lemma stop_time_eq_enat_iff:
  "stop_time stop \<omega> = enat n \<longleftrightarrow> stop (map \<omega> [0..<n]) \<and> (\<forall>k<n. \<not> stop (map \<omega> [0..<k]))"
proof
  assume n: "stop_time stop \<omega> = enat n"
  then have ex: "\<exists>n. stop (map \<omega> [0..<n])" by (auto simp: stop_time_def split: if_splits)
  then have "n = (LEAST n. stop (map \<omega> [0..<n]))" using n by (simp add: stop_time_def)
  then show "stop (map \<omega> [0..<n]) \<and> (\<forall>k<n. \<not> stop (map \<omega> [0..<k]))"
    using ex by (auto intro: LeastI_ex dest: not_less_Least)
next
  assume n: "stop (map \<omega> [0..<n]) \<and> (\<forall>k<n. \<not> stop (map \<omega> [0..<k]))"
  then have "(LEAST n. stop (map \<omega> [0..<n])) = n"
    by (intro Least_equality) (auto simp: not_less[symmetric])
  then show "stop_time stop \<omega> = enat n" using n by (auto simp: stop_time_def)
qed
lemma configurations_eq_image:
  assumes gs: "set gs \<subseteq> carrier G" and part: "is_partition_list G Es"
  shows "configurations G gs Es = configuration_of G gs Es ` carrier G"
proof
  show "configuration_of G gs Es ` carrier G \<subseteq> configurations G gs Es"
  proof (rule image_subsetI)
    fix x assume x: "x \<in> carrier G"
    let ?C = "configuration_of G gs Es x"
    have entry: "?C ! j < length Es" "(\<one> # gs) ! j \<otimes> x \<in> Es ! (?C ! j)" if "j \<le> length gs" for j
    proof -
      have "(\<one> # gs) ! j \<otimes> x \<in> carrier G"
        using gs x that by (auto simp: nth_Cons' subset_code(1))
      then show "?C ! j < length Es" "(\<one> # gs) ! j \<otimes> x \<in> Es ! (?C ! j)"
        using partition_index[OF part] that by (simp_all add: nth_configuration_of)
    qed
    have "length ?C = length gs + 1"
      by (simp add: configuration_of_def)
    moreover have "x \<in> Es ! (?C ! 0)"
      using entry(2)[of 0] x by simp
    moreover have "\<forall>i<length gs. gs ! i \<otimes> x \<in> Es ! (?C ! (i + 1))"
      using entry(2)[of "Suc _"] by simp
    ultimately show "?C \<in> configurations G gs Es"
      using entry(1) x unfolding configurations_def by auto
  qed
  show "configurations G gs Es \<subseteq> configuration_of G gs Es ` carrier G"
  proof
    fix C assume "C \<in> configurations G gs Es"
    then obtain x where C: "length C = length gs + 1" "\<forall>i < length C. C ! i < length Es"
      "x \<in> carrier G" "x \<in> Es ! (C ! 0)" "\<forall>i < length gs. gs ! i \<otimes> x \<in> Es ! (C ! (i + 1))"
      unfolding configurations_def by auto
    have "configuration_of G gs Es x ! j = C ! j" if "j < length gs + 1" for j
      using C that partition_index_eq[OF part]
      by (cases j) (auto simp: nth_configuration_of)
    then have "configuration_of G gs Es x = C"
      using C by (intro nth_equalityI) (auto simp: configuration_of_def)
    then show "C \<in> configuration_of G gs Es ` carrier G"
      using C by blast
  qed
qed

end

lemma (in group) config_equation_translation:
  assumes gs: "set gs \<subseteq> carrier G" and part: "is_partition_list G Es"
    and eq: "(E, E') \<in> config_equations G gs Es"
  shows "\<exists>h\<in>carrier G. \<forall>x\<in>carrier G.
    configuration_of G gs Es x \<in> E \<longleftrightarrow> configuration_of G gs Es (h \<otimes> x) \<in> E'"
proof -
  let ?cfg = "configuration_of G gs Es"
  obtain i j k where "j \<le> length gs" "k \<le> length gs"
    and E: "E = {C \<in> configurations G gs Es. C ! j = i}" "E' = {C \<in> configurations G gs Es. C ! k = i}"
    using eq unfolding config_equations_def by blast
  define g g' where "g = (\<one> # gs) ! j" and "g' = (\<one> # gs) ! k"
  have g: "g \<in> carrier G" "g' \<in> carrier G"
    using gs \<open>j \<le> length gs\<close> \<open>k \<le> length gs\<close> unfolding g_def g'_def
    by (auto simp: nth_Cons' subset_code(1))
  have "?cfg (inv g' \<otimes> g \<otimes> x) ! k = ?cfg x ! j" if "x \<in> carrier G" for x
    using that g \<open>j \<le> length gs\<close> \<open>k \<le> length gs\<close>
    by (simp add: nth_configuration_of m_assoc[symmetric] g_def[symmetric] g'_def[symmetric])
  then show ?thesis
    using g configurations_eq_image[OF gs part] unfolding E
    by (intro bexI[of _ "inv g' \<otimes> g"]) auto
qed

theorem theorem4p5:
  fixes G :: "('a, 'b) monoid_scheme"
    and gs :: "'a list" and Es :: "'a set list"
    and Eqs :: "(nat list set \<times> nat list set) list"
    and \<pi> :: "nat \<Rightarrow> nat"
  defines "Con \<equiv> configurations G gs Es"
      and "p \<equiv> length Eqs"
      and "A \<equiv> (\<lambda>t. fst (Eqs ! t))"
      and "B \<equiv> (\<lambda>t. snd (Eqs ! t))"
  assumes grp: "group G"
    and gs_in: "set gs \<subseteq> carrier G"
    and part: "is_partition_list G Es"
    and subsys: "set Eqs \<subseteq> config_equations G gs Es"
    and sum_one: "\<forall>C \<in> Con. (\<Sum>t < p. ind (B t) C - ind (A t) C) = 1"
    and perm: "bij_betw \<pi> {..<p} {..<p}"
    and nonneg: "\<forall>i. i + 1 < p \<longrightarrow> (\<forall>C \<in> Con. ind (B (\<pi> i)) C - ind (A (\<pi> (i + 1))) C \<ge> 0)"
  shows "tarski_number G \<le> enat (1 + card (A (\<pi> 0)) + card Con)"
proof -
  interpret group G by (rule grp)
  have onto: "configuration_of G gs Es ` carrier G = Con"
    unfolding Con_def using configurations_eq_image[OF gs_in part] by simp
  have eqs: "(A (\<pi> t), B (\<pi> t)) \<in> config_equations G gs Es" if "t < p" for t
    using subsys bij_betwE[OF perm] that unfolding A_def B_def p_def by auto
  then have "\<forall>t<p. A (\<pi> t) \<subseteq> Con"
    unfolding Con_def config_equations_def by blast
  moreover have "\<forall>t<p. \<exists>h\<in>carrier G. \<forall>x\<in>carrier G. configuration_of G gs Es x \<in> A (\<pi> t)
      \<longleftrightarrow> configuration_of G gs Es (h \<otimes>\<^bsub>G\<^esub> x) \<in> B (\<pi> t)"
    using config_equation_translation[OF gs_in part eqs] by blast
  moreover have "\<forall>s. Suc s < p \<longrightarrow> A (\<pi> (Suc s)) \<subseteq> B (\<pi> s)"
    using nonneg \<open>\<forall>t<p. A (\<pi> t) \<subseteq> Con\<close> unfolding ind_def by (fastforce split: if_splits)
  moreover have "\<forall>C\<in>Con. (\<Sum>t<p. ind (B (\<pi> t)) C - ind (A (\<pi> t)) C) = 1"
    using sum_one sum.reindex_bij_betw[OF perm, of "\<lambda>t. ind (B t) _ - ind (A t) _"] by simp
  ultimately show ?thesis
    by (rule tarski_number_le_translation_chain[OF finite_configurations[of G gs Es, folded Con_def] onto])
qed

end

* [REQUIRED WORK]:
In the listing, return each line containing the string "moreover".

* [EXERCISE SOLUTION]:
    moreover have "x \<in> Es ! (?C ! 0)"
    moreover have "\<forall>i<length gs. gs ! i \<otimes> x \<in> Es ! (?C ! (i + 1))"
  moreover have "\<forall>t<p. \<exists>h\<in>carrier G. \<forall>x\<in>carrier G. configuration_of G gs Es x \<in> A (\<pi> t)
  moreover have "\<forall>s. Suc s < p \<longrightarrow> A (\<pi> (Suc s)) \<subseteq> B (\<pi> s)"
  moreover have "\<forall>C\<in>Con. (\<Sum>t<p. ind (B (\<pi> t)) C - ind (A (\<pi> t)) C) = 1"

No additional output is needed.